━━━━━ INPUT FOR THIS TASK

lemma directed_set_index: "directed_set index refines"
  unfolding directed_set_def
proof (intro conjI ballI)
  have "{} \<in> Fpow \<F>" by (simp add: Fpow_def)
  then show "index \<noteq> {}" using code_in_index by blast
  show "refines \<subseteq> index \<times> index" "refl_on index refines" "trans refines"
    by (auto simp: refines_def refl_on_def trans_def)
next
  fix a b assume ab: "a \<in> index" "b \<in> index"
  then have S: "subfamily a \<union> subfamily b \<in> Fpow \<F>"
    using subfamily_in_Fpow by (auto simp: Fpow_def)
  show "\<exists>c\<in>index. (a, c) \<in> refines \<and> (b, c) \<in> refines"
  proof
    show "code (subfamily a \<union> subfamily b) \<in> index" using S by simp
    then show "(a, code (subfamily a \<union> subfamily b)) \<in> refines \<and>
        (b, code (subfamily a \<union> subfamily b)) \<in> refines"
      using ab S by (simp add: refines_def)
  qed
qed

lemma not_card_order_refines: "\<not> card_order_on index refines"
proof
  assume "card_order_on index refines"
  then have total: "total_on index refines"
    unfolding card_order_on_def well_order_on_def linear_order_on_def by blast
  obtain N1 N2 where N: "N1 \<in> \<F>" "N2 \<in> \<F>" "N1 \<noteq> N2"
    by (rule member_containing_and_another[of 0]) auto
  then have F: "{N1} \<in> Fpow \<F>" "{N2} \<in> Fpow \<F>" by (auto simp: Fpow_def)
  then have "code {N1} \<noteq> code {N2}" using N(3) by (metis subfamily_code singleton_inject)
  then have "(code {N1}, code {N2}) \<in> refines \<or> (code {N2}, code {N1}) \<in> refines"
    using total F unfolding total_on_def by simp
  then show False using F N(3) by (auto simp: refines_def)
qed

lemma card_is_covN_index:
  assumes minimal: "\<forall>\<G>. null_cover \<G> \<longrightarrow> |\<F>| \<le>o |\<G>|"
  shows "card_is_covN index"
proof -
  have "bij_betw code (Fpow \<F>) index" unfolding index_def using inj_code by (rule inj_on_imp_bij_betw)
  then have "( |Fpow \<F>|, |index| ) \<in> ordIso" using card_of_ordIso by blast
  moreover have "( |Fpow \<F>|, |\<F>| ) \<in> ordIso"
    using card_of_Fpow_infinite[OF null_cover_infinite[OF null_cover]] .
  ultimately have iso: "( |\<F>|, |index| ) \<in> ordIso"
    using ordIso_symmetric ordIso_transitive by blast
  have "|index| \<le>o |\<G>|" if "null_cover \<G>" for \<G>
    using ordIso_ordLeq_trans[OF ordIso_symmetric[OF iso]] minimal that by blast
  then show ?thesis unfolding card_is_covN_def using null_cover iso by blast
qed

definition perturbed_net :: "real set \<Rightarrow> real \<Rightarrow> real \<Rightarrow> real" where
  "perturbed_net Y a t = (if a \<in> index \<and> t \<in> \<Union>(subfamily a)
     then 1 + (if card (subfamily a) = 1 then trace_indicator Y t else 0) else 0)"

lemma perturbed_net_eventually_one:
  assumes "t \<in> {0..1}"
  obtains a0 where "a0 \<in> index"
    "\<And>a Y. a \<in> index \<Longrightarrow> (a0, a) \<in> refines \<Longrightarrow> perturbed_net Y a t = 1"
proof -
  obtain N N' where N: "N \<in> \<F>" "N' \<in> \<F>" "N \<noteq> N'" "t \<in> N"
    using member_containing_and_another[OF assms] .
  then have F: "{N, N'} \<in> Fpow \<F>" by (auto simp: Fpow_def)
  have "perturbed_net Y a t = 1" if a: "a \<in> index" "(code {N, N'}, a) \<in> refines" for a Y
  proof -
    have sub: "{N, N'} \<subseteq> subfamily a" using a(2) F by (simp add: refines_def)
    moreover have "finite (subfamily a)" using subfamily_in_Fpow[OF a(1)] by (simp add: Fpow_def)
    ultimately have "card (subfamily a) \<ge> 2"
      using card_mono[of "subfamily a" "{N, N'}"] N(3) by simp
    then show ?thesis using a(1) sub N(4) by (auto simp: perturbed_net_def)
  qed
  then show thesis using that code_in_index[OF F] by blast
qed

lemma perturbed_net_at_singleton:
  assumes "N \<in> \<F>" "t \<in> N"
  shows "perturbed_net Y (code {N}) t = 1 + trace_indicator Y t"
  using assms by (simp add: perturbed_net_def Fpow_def)

lemma lin_indep_family_perturbed_net: "lin_indep_family perturbed_net"
  unfolding lin_indep_family_def
proof (intro allI impI, elim conjE)
  fix \<Y> and c :: "real set \<Rightarrow> real"
  assume "finite \<Y>" and zero: "\<forall>a t. (\<Sum>Y\<in>\<Y>. c Y * perturbed_net Y a t) = 0"
  show "\<forall>Y\<in>\<Y>. c Y = 0"
  proof (rule trace_indicator_independent[OF \<open>finite \<Y>\<close>], intro ballI)
    fix t :: real assume t: "t \<in> {0..1}"
    obtain a0 where "a0 \<in> index" "\<And>Y. perturbed_net Y a0 t = 1"
      by (rule perturbed_net_eventually_one[OF t]) (auto simp: refines_def)
    then have sum_c: "(\<Sum>Y\<in>\<Y>. c Y) = 0" using zero[rule_format, of a0 t] by simp
    obtain N where "N \<in> \<F>" "t \<in> N" using member_containing_and_another[OF t] by blast
    then have "0 = (\<Sum>Y\<in>\<Y>. c Y * (1 + trace_indicator Y t))"
      using zero[rule_format, of "code {N}" t] by (simp add: perturbed_net_at_singleton)
    also have "\<dots> = (\<Sum>Y\<in>\<Y>. c Y) + (\<Sum>Y\<in>\<Y>. c Y * trace_indicator Y t)"
      by (simp add: distrib_left sum.distrib)
    finally show "(\<Sum>Y\<in>\<Y>. c Y * trace_indicator Y t) = 0" using sum_c by simp
  qed
qed

lemma net_comb_perturbed_eq_0:
  assumes "C \<subseteq> range perturbed_net" "a \<notin> index \<or> t \<notin> \<Union>(subfamily a)"
  shows "net_comb C c a t = 0"
  unfolding net_comb_def
proof (rule sum.neutral, rule ballI)
  fix F assume "F \<in> C"
  then obtain Y where "F = perturbed_net Y" using assms(1) by blast
  then have "F a t = 0" using assms(2) by (auto simp: perturbed_net_def)
  then show "c F * F a t = 0" by simp
qed

lemma null_net_comb_perturbed:
  assumes C: "C \<subseteq> range perturbed_net"
  shows "null_net index refines (net_comb C c) (\<Sum>F\<in>C. c F)"
  unfolding null_net_def
proof (intro conjI allI ballI)
  show "net_comb C c \<in> net_space index"
    unfolding net_space_def
  proof (intro CollectI allI impI)
    fix a t assume "a \<notin> index \<or> t \<notin> {0..1::real}"
    then have "a \<notin> index \<or> t \<notin> \<Union>(subfamily a)" using Union_subfamily(2) by blast
    then show "net_comb C c a t = 0" by (rule net_comb_perturbed_eq_0[OF C])
  qed
next
  fix a
  show "AE t in lebesgue. net_comb C c a t = 0"
  proof (cases "a \<in> index")
    case True
    show ?thesis
      using AE_not_in[OF Union_subfamily(1)[OF True]]
      by eventually_elim (simp add: net_comb_perturbed_eq_0[OF C])
  qed (simp add: net_comb_perturbed_eq_0[OF C])
next
  fix t :: real assume "t \<in> {0..1}"
  then obtain a0 where a0: "a0 \<in> index"
    and one: "\<And>a Y. a \<in> index \<Longrightarrow> (a0, a) \<in> refines \<Longrightarrow> perturbed_net Y a t = 1"
    by (rule perturbed_net_eventually_one) blast
  have "net_comb C c a t = (\<Sum>F\<in>C. c F)" if "a \<in> index" "(a0, a) \<in> refines" for a
    unfolding net_comb_def
  proof (rule sum.cong[OF refl])
    fix F assume "F \<in> C"
    then obtain Y where "F = perturbed_net Y" using C by blast
    then show "c F * F a t = c F" using one[OF that] by simp
  qed
  then show "\<exists>a0\<in>index. \<forall>a\<in>index. (a0, a) \<in> refines \<longrightarrow> net_comb C c a t = (\<Sum>F\<in>C. c F)"
    using a0 by blast
qed

lemma pos_coneable_if_contains_null_nets:
  assumes "\<And>G s. null_net index refines G s \<Longrightarrow> s > 0 \<Longrightarrow> G \<in> S"
  shows "pos_coneable S (Pow (UNIV :: real set))"
proof (rule pos_coneable_if_lin_indep_family[OF lin_indep_family_perturbed_net])
  fix C and c :: "(real \<Rightarrow> real \<Rightarrow> real) \<Rightarrow> real"
  assume C: "C \<subseteq> range perturbed_net" "finite C" "C \<noteq> {}" "\<forall>F\<in>C. c F > 0"
  have "(\<Sum>F\<in>C. c F) > 0" using C(2-4) by (intro sum_pos) auto
  with null_net_comb_perturbed[OF C(1)] show "net_comb C c \<in> S" by (rule assms)
qed

end

theorem mainTheorem1:
  shows "\<exists>(A :: real set) (r :: real rel).
     directed_set A r \<and> \<not> card_order_on A r \<and> card_is_covN A \<and>
     pos_coneable (NM A r) (Pow (UNIV :: real set)) \<and>
     pos_coneable (NF A r) (Pow (UNIV :: real set)) \<and>
     pos_coneable (ND A r) (Pow (UNIV :: real set))"
proof -
  obtain \<F> where cover: "null_cover \<F>" and minimal: "\<forall>\<G>. null_cover \<G> \<longrightarrow> |\<F>| \<le>o |\<G>|"
    using ex_minimal_null_cover by blast
  obtain code :: "real set set \<Rightarrow> real" where "inj_on code (Fpow \<F>)"
    using Fpow_minimal_null_cover_ordLeq_reals[OF cover minimal] by (auto simp flip: card_of_ordLeq)
  then interpret finite_subfamilies_of_cover \<F> code
    using cover by unfold_locales
  note D = directed_set_index
  have "pos_coneable (NM index refines) (Pow (UNIV :: real set))"
    by (rule pos_coneable_if_contains_null_nets) (rule null_net_in_NM[OF _ D])
  moreover have "pos_coneable (NF index refines) (Pow (UNIV :: real set))"
    by (rule pos_coneable_if_contains_null_nets) (rule null_net_in_NF[OF _ D])
  moreover have "pos_coneable (ND index refines) (Pow (UNIV :: real set))"
    by (rule pos_coneable_if_contains_null_nets, rule null_net_in_ND[OF _ D]) auto
  ultimately show ?thesis
    using D not_card_order_refines card_is_covN_index[OF minimal]
    by (intro exI[of _ index] exI[of _ refines] conjI)
qed

end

━━━━━━━━━━

◆ DIRECTIONS FOR THIS TASK: Could you return exactly the lines above from the line with "null_net_in_NF[OF _ D])" to the line with "using D not_card_order_refines", both included, and nothing else?

◆ ANSWER FOR THIS EXERCISE:
    by (rule pos_coneable_if_contains_null_nets) (rule null_net_in_NF[OF _ D])
  moreover have "pos_coneable (ND index refines) (Pow (UNIV :: real set))"
    by (rule pos_coneable_if_contains_null_nets, rule null_net_in_ND[OF _ D]) auto
  ultimately show ?thesis
    using D not_card_order_refines card_is_covN_index[OF minimal]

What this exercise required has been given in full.